Timothy Kwok1, Bindee Kuriya1, Lauren King1, Lihi Eder2, Carter Thorne3, Zhiyin Li4, therese stukel4, longdi fu4, alexander Kopp4 and Jessica Widdifield5, 1University of Toronto, Toronto, ON, Canada, 2Women’s College Research Institute, Department of Medicine, University of Toronto, Toronto, ON, Canada, 3Southlake Regional Health Centre, Newmarket, ON, Canada, 4ICES, Toronto, ON, Canada, 5Sunnybrook Research Institute, Toronto, ON, Canada
Background/Purpose: We sought to describe changes in service delivery and access to rheumatologists in terms of changes in weekly total office visit volumes, telemedicine visits, and new consultations pre- and during-pandemic periods.
Methods: We conducted a population-based study in Ontario, Canada, where all residents are covered by a single-payer healthcare system. Patient visits with all rheumatologists in Ontario were ascertained using billing claims data (from January 2017 to October 4, 2021). Contacts with rheumatologists were separately defined by the type of patient encounter (including office visits, telemedicine visits, and new patient consultations). Changes in the total weekly volume of visits and monthly rates after COVID-19 public health measures were imposed were compared to expected baseline rates determined before pandemic onset (March 17, 2020, when a province-wide stay-at-home order was instituted in Ontario).

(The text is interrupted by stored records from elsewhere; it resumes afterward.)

lemma quadratic_roots_product:
  fixes K W t1 t2 :: real
  assumes "t1^2 + 2*K*t1 + W = 0" "t2^2 + 2*K*t2 + W = 0" "t1 \<noteq> t2"
  shows "t1 * t2 = W"
proof -
  have "(t1 - t2) * (t1 + t2 + 2*K) = 0"
    using assms(1,2) by (simp add: power2_eq_square algebra_simps)
  then have "t2 = - t1 - 2*K" using assms(3) by simp
  then have "t1 * t2 = - (t1^2 + 2*K*t1)" by algebra
  with assms(1) show ?thesis by simp
qed

lemma ideal_coordinates_iff_quadratic:
  fixes p q W y \<alpha> \<beta> \<gamma> :: real
  assumes p: "p > 0" and q: "q > 0" and W: "W > 0"
  shows "(p^2 + \<alpha> * \<beta> = 0 \<and> q^2 + \<beta> * \<gamma> = 0 \<and> W - (\<gamma> + \<alpha>) * y + \<gamma> * \<alpha> = 0) \<longleftrightarrow>
    (\<exists>t. t^2 + 2 * ((p^2 + q^2) / (2 * p * q) * y) * t + W = 0 \<and>
         \<alpha> = - p * t / q \<and> \<beta> = p * q / t \<and> \<gamma> = - q * t / p)"
proof
  assume eqs: "p^2 + \<alpha> * \<beta> = 0 \<and> q^2 + \<beta> * \<gamma> = 0 \<and> W - (\<gamma> + \<alpha>) * y + \<gamma> * \<alpha> = 0"
  then have "\<beta> \<noteq> 0" using p by auto
  define t where "t = p * q / \<beta>"
  have \<alpha>: "\<alpha> = - p * t / q"
    unfolding t_def using eqs \<open>\<beta> \<noteq> 0\<close> q by (simp add: field_simps power2_eq_square)
  have \<gamma>: "\<gamma> = - q * t / p"
    unfolding t_def using eqs \<open>\<beta> \<noteq> 0\<close> p by (simp add: field_simps power2_eq_square)
  have \<beta>: "\<beta> = p * q / t" unfolding t_def using p q by simp
  have "t^2 + 2 * ((p^2 + q^2) / (2 * p * q) * y) * t + W = W - (\<gamma> + \<alpha>) * y + \<gamma> * \<alpha>"
    unfolding \<alpha> \<gamma> using p q by (simp add: field_simps power2_eq_square)
  then have "t^2 + 2 * ((p^2 + q^2) / (2 * p * q) * y) * t + W = 0" using eqs by simp
  then show "\<exists>t. t^2 + 2 * ((p^2 + q^2) / (2 * p * q) * y) * t + W = 0 \<and>
      \<alpha> = - p * t / q \<and> \<beta> = p * q / t \<and> \<gamma> = - q * t / p"
    using \<alpha> \<beta> \<gamma> by blast
next
  assume "\<exists>t. t^2 + 2 * ((p^2 + q^2) / (2 * p * q) * y) * t + W = 0 \<and>
      \<alpha> = - p * t / q \<and> \<beta> = p * q / t \<and> \<gamma> = - q * t / p"
  then obtain t where root: "t^2 + 2 * ((p^2 + q^2) / (2 * p * q) * y) * t + W = 0"
    and coords: "\<alpha> = - p * t / q" "\<beta> = p * q / t" "\<gamma> = - q * t / p" by blast
  have "t \<noteq> 0" using root W by auto
  have "W - (\<gamma> + \<alpha>) * y + \<gamma> * \<alpha> = t^2 + 2 * ((p^2 + q^2) / (2 * p * q) * y) * t + W"
    unfolding coords using p q by (simp add: field_simps power2_eq_square)
  then show "p^2 + \<alpha> * \<beta> = 0 \<and> q^2 + \<beta> * \<gamma> = 0 \<and> W - (\<gamma> + \<alpha>) * y + \<gamma> * \<alpha> = 0"
    unfolding coords using root \<open>t \<noteq> 0\<close> p q by (simp add: field_simps power2_eq_square)
qed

Results: In the 1 year prior to the pandemic, there were 289,202 unique patients (of which 99,641 were new consults) seen by 239 rheumatologists. In the 1 year following the pandemic onset, there were 276,686 patients (of which 88,777 were new consults) seen by 247 rheumatologists. There was an immediate 76% decrease in outpatient office visits at the onset of the pandemic and a rapid rise in telemedicine visits, Figure 1. By fall of 2021, 50% of patient encounters were still telemedicine visits. For new patient consultations, there was an immediate 50% decrease in total visits at the onset of the pandemic (cancelled/postponed), with 55% diverted to telemedicine visits in the first year of the pandemic vs. 38% by the fall of 2021, Figure 2. During the 12 months after pandemic restrictions were imposed, new rheumatology consultations decreased overall with monthly rates as low as 0.61 (95% CI 0.59, 0.62) of expected rates, with rate ratios less pronounced by fall 2021 (although rates of new consultations were already declining in the 3 years prior to the pandemic).
Conclusion: Rheumatology care delivery has shifted as a result of the pandemic, with telemedicine sharply increasing early in the pandemic and persisting over time. The pandemic also negatively impacted access to rheumatology services resulting in fewer new patient consultations. The longer-term impacts of these changes to rheumatology care delivery on quality of care, and delayed access to care warrants further research.
Figure 1
Figure 2 Disclosures: T. Kwok, None; B. Kuriya, None; L. King, None; L. Eder, AbbVie, Lilly, Novartis, UCB, Pfizer; C. Thorne, AbbVie/Abbott, Amgen, Celgene, CaREBiodam, Centocor, Janssen, Eli Lilly, Novartis, Pfizer, Sanofi, Medexus/Medac, Merck; Z. Li, None; t. stukel, None; l. fu, None; a. Kopp, None; J. Widdifield, None.